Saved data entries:
(* Let $T$ be a lifted graph, $F\colon T\to T$ a continuous sun-like map of degree 1, ${\cal P}$ a basic partition of $F$ and ${\cal G}$ its covering graph. Let $\alpha=A_0\dots A_n/\!\sim$ be a vertex of ${\cal G}$ (with $A_0,\dots,A_n\in{\cal P}$) and let $\alpha\to\beta$ be an arrow in ${\cal G}$. Then there exists $A_{n+1}\in{\cal P}$ such that $\beta=A_0\dots A_nA_{n+1}/\!\sim$.
   Context: A lifted graph is a connected topological space $T$ with a homeomorphism $h\colon\mathbb R\to h(\mathbb R)\subset T$ and a homeomorphism $\tau\colon T\to T$ such that $\tau(h(x))=h(x+1)$, the closure of each connected component of $T\setminus h(\mathbb R)$ is a topological finite graph meeting $h(\mathbb R)$ in exactly one point, and only finitely many such components have closure meeting $h([0,1])$. Identify $h(\mathbb R)$ with $\mathbb R$, write $x+m:=\tau^m(x)$; $r_{\mathbb R}\colon T\to\mathbb R$ is the identity on $\mathbb R$ and maps a component $C$ of $T\setminus\mathbb R$ to the point $\overline C\cap\mathbb R$. $F$ has degree 1 if $F(x+1)=F(x)+1$. Let $T_{\mathbb R}:=\overline{\bigcup_{n\ge0}F^n(\mathbb R)}$, $X:=\overline{T\setminus T_{\mathbb R}}\cap r_{\mathbb R}^{-1}([0,1))$. $F$ is sun-like if $(T\setminus T_{\mathbb R})\cap r_{\mathbb R}^{-1}([0,1))$ consists of finitely many intervals with pairwise disjoint closures $X^i$, $i\in\Lambda$ (branches), each a compact interval meeting $T_{\mathbb R}$ in one endpoint $\min X^i$ (fixing the order of $X^i$). A basic partition is a finite family ${\cal P}=\{X^i_j\}$ of pairwise disjoint nonempty compact intervals $X^i_1<\dots<X^i_{N_i}$ in $X^i$, with $\ell(X^i_j)\in\Lambda$, $p(X^i_j)\in\mathbb Z$, such that $F(X^i_j)\subset(X^{\ell(X^i_j)}+p(X^i_j))\cup\mathrm{Int}(T_{\mathbb R})$, $F(\min X^i_j)=\min X^{\ell(X^i_j)}+p(X^i_j)$, and $F(X\setminus\bigcup X^i_j)\cap(X+\mathbb Z)=\emptyset$. For $A_0,\dots,A_n\in{\cal P}$, $\langle A_0\dots A_n\rangle:=F^n(\{x\in T: F^i(x)\in A_i+\mathbb Z,\ 0\le i\le n\})\cap X$. $A_0\dots A_n\sim B_0\dots B_m$ iff for some $k\le\min(n,m)$, $A_{n-i}=B_{m-i}$ ($0\le i\le k$) and $\langle A_0\dots A_{n-k}\rangle=A_{n-k}=B_{m-k}=\langle B_0\dots B_{m-k}\rangle$ (an equivalence relation). The covering graph ${\cal G}$: vertices are classes $A_0\dots A_n/\!\sim$ with $\langle A_0\dots A_n\rangle\ne\emptyset$; an arrow $\alpha\to\beta$ exists iff $\alpha=B_0\dots B_m/\!\sim$ and $\beta=B_0\dots B_mB_{m+1}/\!\sim$ for some $B_0,\dots,B_{m+1}\in{\cal P}$. *)

theory Defs
  imports "HOL-Analysis.Analysis"
begin

definition finite_top_graph :: "'a topology \<Rightarrow> bool" where
  "finite_top_graph Y \<longleftrightarrow> Hausdorff_space Y \<and>
     (\<exists>V E. finite V \<and> finite E \<and> V \<subseteq> topspace Y \<and> topspace Y = V \<union> \<Union>E \<and>
        (\<forall>e\<in>E. e \<subseteq> topspace Y \<and> (\<exists>g. homeomorphic_map (top_of_set {0..1::real}) (subtopology Y e) g
                 \<and> g 0 \<noteq> g 1 \<and> e \<inter> V = {g 0, g 1})) \<and>
        (\<forall>e\<in>E. \<forall>e'\<in>E. e \<noteq> e' \<longrightarrow> e \<inter> e' \<subseteq> V))"

text \<open>Lifted graph (X = topology on T, h = embedding of the real line, tau = translation).\<close>
definition lifted_graph :: "'a topology \<Rightarrow> (real \<Rightarrow> 'a) \<Rightarrow> ('a \<Rightarrow> 'a) \<Rightarrow> bool" where
  "lifted_graph X h tau \<longleftrightarrow> connected_space X \<and> embedding_map euclideanreal X h \<and>
     homeomorphic_map X X tau \<and> (\<forall>x. tau (h x) = h (x + 1)) \<and>
     (\<forall>C\<in>connected_components_of (subtopology X (topspace X - range h)).
        finite_top_graph (subtopology X (X closure_of C)) \<and>
        (\<exists>!y. y \<in> X closure_of C \<inter> range h)) \<and>
     finite {C\<in>connected_components_of (subtopology X (topspace X - range h)).
               X closure_of C \<inter> h ` {0..1} \<noteq> {}}"

text \<open>Integer powers of tau: x + m.\<close>
definition tpow :: "'a topology \<Rightarrow> ('a \<Rightarrow> 'a) \<Rightarrow> int \<Rightarrow> 'a \<Rightarrow> 'a" where
  "tpow X tau m x = (if 0 \<le> m then (tau ^^ nat m) x else (inv_into (topspace X) tau ^^ nat (- m)) x)"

▸ **Your goal**: From the records above, copy out the line with "(\<exists>V E. finite", the line with "text \<open>Integer powers", and every line between them, word for word.

▸ **Solved exercise**:
     (\<exists>V E. finite V \<and> finite E \<and> V \<subseteq> topspace Y \<and> topspace Y = V \<union> \<Union>E \<and>
        (\<forall>e\<in>E. e \<subseteq> topspace Y \<and> (\<exists>g. homeomorphic_map (top_of_set {0..1::real}) (subtopology Y e) g
                 \<and> g 0 \<noteq> g 1 \<and> e \<inter> V = {g 0, g 1})) \<and>
        (\<forall>e\<in>E. \<forall>e'\<in>E. e \<noteq> e' \<longrightarrow> e \<inter> e' \<subseteq> V))"

text \<open>Lifted graph (X = topology on T, h = embedding of the real line, tau = translation).\<close>
definition lifted_graph :: "'a topology \<Rightarrow> (real \<Rightarrow> 'a) \<Rightarrow> ('a \<Rightarrow> 'a) \<Rightarrow> bool" where
  "lifted_graph X h tau \<longleftrightarrow> connected_space X \<and> embedding_map euclideanreal X h \<and>
     homeomorphic_map X X tau \<and> (\<forall>x. tau (h x) = h (x + 1)) \<and>
     (\<forall>C\<in>connected_components_of (subtopology X (topspace X - range h)).
        finite_top_graph (subtopology X (X closure_of C)) \<and>
        (\<exists>!y. y \<in> X closure_of C \<inter> range h)) \<and>
     finite {C\<in>connected_components_of (subtopology X (topspace X - range h)).
               X closure_of C \<inter> h ` {0..1} \<noteq> {}}"

text \<open>Integer powers of tau: x + m.\<close>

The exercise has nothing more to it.